В первом случае понимание художественной словесности как эстетической системы, традиции и институции вызывает к жизни несколько приемов описания: книга предстает перед читателем как отграниченный объект, заключаясь в своего рода семиотическую рамку, отделяющую ее от соседствующих с нею реалий предметно-вещного мира, проецируется на идеи рациональности, каноничности, а иногда – власти. Семиотическая природа книги понимается как способность означать и конвенционально описывать мир. Главной характеристикой этих свойств является рамка, необходимая для превращения книги в артефакт, ее образа в экфрасис, а ее содержания в метатекст.
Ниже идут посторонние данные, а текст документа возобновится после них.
(* Work in a second-order (Bayes linear) belief framework with prevision $P(\cdot)$ and $\mathrm{Var}$, $\mathrm{Cov}$ derived from it, and for random vectors $Y,W$ let $P_W(Y)=P(Y)+\mathrm{Cov}(Y,W)\mathrm{Var}(W)^{\dagger}(W-P(W))$ be the adjusted expectation ($\dagger$ = Moore–Penrose inverse). Let $Z_{ij}=\mu_i+\mathcal R_{ij}$ ($i=1,\dots,m$, $j=1,\dots,n_i$) be random vectors where each $\mathcal R_{ij}$ has $P(\mathcal R_{ij})=0$, is uncorrelated with every $\mu_k$, distinct residuals are mutually uncorrelated, and $\mathrm{Var}(\mathcal R_{ij})$ does not depend on $j$. Let $\boldsymbol\mu=\mathrm{vec}(\mu_1,\dots,\mu_m)$ and suppose the quantity of interest satisfies $X=\boldsymbol{\mathcal A}\boldsymbol\mu+\boldsymbol U$, with $\boldsymbol{\mathcal A}$ a known matrix and $\boldsymbol U$ uncorrelated with all $\mu_i$ and $\mathcal R_{ij}$. Let $\overline Z_i=\frac1{n_i}\sum_{j=1}^{n_i}Z_{ij}$, $\overline{\boldsymbol Z}=(\overline Z_1,\dots,\overline Z_m)$ and $\mathcal Z=P_{\overline{\boldsymbol Z}}(\boldsymbol\mu)$. Then $P_{\mathcal Z}(X)\to\boldsymbol{\mathcal A}\boldsymbol\mu+P(\boldsymbol U)$ as $n_i\to\infty$ for all $i$.
   Context: Convergence is in the second-order (Bayes linear) sense, i.e. in the norm $\|Y\|^2=P(Y^\intercal Y)$; in particular $\overline Z_i\to\mu_i$ in this sense as $n_i\to\infty$. *)

theory Defs
  imports "HOL-Probability.Probability"
begin

text \<open>Second-order (Bayes linear) framework rendered on a probability space M:
  prevision P = Lebesgue expectation, random vectors are families of square-integrable
  real random variables indexed by a finite index set; matrices are functions on
  (finite) index sets.\<close>

definition sq_int :: "'a measure \<Rightarrow> ('a \<Rightarrow> real) \<Rightarrow> bool" where
  "sq_int M f \<longleftrightarrow> f \<in> borel_measurable M \<and> integrable M (\<lambda>\<omega>. (f \<omega>)\<^sup>2)"

definition prev :: "'a measure \<Rightarrow> ('a \<Rightarrow> real) \<Rightarrow> real" where
  "prev M f = integral\<^sup>L M f"

definition bl_cov :: "'a measure \<Rightarrow> ('a \<Rightarrow> real) \<Rightarrow> ('a \<Rightarrow> real) \<Rightarrow> real" where
  "bl_cov M f g = prev M (\<lambda>\<omega>. f \<omega> * g \<omega>) - prev M f * prev M g"

definition mmul :: "'k set \<Rightarrow> ('i \<Rightarrow> 'k \<Rightarrow> real) \<Rightarrow> ('k \<Rightarrow> 'j \<Rightarrow> real) \<Rightarrow> 'i \<Rightarrow> 'j \<Rightarrow> real" where
  "mmul K A B = (\<lambda>i j. \<Sum>k\<in>K. A i k * B k j)"

definition is_MP_inverse :: "'i set \<Rightarrow> 'j set \<Rightarrow> ('i \<Rightarrow> 'j \<Rightarrow> real) \<Rightarrow> ('j \<Rightarrow> 'i \<Rightarrow> real) \<Rightarrow> bool" where
  "is_MP_inverse I J A G \<longleftrightarrow>
     (\<forall>j i. (j \<notin> J \<or> i \<notin> I) \<longrightarrow> G j i = 0) \<and>
     (\<forall>i\<in>I. \<forall>j\<in>J. mmul I (mmul J A G) A i j = A i j) \<and>
     (\<forall>j\<in>J. \<forall>i\<in>I. mmul J (mmul I G A) G j i = G j i) \<and>
     (\<forall>i\<in>I. \<forall>i'\<in>I. mmul J A G i i' = mmul J A G i' i) \<and>
     (\<forall>j\<in>J. \<forall>j'\<in>J. mmul I G A j j' = mmul I G A j' j)"

definition MP_inv :: "'i set \<Rightarrow> 'j set \<Rightarrow> ('i \<Rightarrow> 'j \<Rightarrow> real) \<Rightarrow> 'j \<Rightarrow> 'i \<Rightarrow> real" where
  "MP_inv I J A = (THE G. is_MP_inverse I J A G)"

definition adj_exp :: "'a measure \<Rightarrow> 'j set \<Rightarrow> ('j \<Rightarrow> 'a \<Rightarrow> real) \<Rightarrow> ('i \<Rightarrow> 'a \<Rightarrow> real) \<Rightarrow> 'i \<Rightarrow> 'a \<Rightarrow> real" where
  "adj_exp M J W Y = (\<lambda>i \<omega>.
     let G = MP_inv J J (\<lambda>j k. bl_cov M (W j) (W k)) in
     prev M (Y i) + (\<Sum>j\<in>J. \<Sum>k\<in>J. bl_cov M (Y i) (W j) * G j k * (W k \<omega> - prev M (W k))))"

end

theory Submission
  imports Defs
begin

text \<open>
  The adjusted expectation \<open>P\<^sub>W(Y)\<close> is the best affine predictor of \<open>Y\<close> from \<open>W\<close> in mean
  square. Its residual is uncorrelated with every component of \<open>W\<close>, since the covariance vector
  of \<open>Y\<close> with \<open>W\<close> annihilates the kernel of \<open>S = Var(W)\<close> and the Moore--Penrose inverse
  satisfies \<open>S S\<^sup>\<dagger> S = S\<close>; the Moore--Penrose inverse of a symmetric \<open>S\<close> is obtained from a
  symmetric generalized inverse of the positive semidefinite \<open>S\<^sup>2\<close>, which Schur complement
  elimination provides. Optimality, used twice, bounds the error of the twice adjusted means by
  that of the sample means: for \<open>k = (i, c)\<close>,
  \<open>E(\<mu>\<^sub>k - P\<^sub>\<Z>(\<mu>\<^sub>k))\<^sup>2 \<le> E(\<mu>\<^sub>k - \<Z>\<^sub>k)\<^sup>2 \<le> E(\<mu>\<^sub>k - Zbar\<^sub>k)\<^sup>2 = Var(R\<^sub>i\<^sub>1)\<^sub>c\<^sub>c / n\<^sub>i\<close>.
  As \<open>U\<close> is uncorrelated with the data, \<open>P\<^sub>\<Z>(X) = A P\<^sub>\<Z>(\<mu>) + P(U)\<close>, and Cauchy--Schwarz
  turns the componentwise bounds into \<open>E|P\<^sub>\<Z>(X) - A \<mu> - P(U)|\<^sup>2 = O(1 / min n\<^sub>i)\<close>.
\<close>

section \<open>Generalized inverses of positive semidefinite matrices\<close>

lemma mmul_assoc: "mmul K (mmul J A B) C = mmul J A (mmul K B C)"
  unfolding mmul_def
  by (intro ext) (simp add: sum_distrib_left sum_distrib_right mult.assoc sum.swap[of _ K J])

definition bilin_form :: "'j set \<Rightarrow> ('j \<Rightarrow> real) \<Rightarrow> ('j \<Rightarrow> 'j \<Rightarrow> real) \<Rightarrow> ('j \<Rightarrow> real) \<Rightarrow> real" where
  "bilin_form J x T y = (\<Sum>p\<in>J. \<Sum>q\<in>J. x p * T p q * y q)"

definition symmetric_on :: "'j set \<Rightarrow> ('j \<Rightarrow> 'j \<Rightarrow> real) \<Rightarrow> bool" where
  "symmetric_on J S \<longleftrightarrow> (\<forall>i\<in>J. \<forall>j\<in>J. S i j = S j i)"

definition psd_on :: "'j set \<Rightarrow> ('j \<Rightarrow> 'j \<Rightarrow> real) \<Rightarrow> bool" where
  "psd_on J S \<longleftrightarrow> (\<forall>v. 0 \<le> bilin_form J v S v)"

definition ginverse_on :: "'j set \<Rightarrow> ('j \<Rightarrow> 'j \<Rightarrow> real) \<Rightarrow> ('j \<Rightarrow> 'j \<Rightarrow> real) \<Rightarrow> bool" where
  "ginverse_on J S T \<longleftrightarrow> (\<forall>i\<in>J. \<forall>j\<in>J. mmul J (mmul J S T) S i j = S i j)"

lemma mmul_mmul_eq_bilin_form: "mmul J (mmul J S T) S i j = bilin_form J (S i) T (\<lambda>q. S q j)"
  unfolding mmul_def bilin_form_def sum_distrib_right mult.assoc
  by (rule sum.swap)

lemma bilin_form_cong:
  assumes "\<And>p. p \<in> J \<Longrightarrow> x p = x' p" "\<And>p q. p \<in> J \<Longrightarrow> q \<in> J \<Longrightarrow> T p q = T' p q"
    "\<And>q. q \<in> J \<Longrightarrow> y q = y' q"
  shows "bilin_form J x T y = bilin_form J x' T' y'"
  unfolding bilin_form_def using assms by (intro sum.cong refl) auto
В эмоциональной перспективе произведения созданная таким способом образная конструкция вызывает отношение любования ею со стороны повествователя и читателя. Любование характерно направлено «снизу вверх»: с позиции относительно образованного современника на непререкаемые в своем культурно-эстетическом качестве образцы. Данное обстоятельство не противоречит тому, что в социальном отношении такое понимание книжной культуры может означать ее доступность как навыка, обретаемого в процессе обучения.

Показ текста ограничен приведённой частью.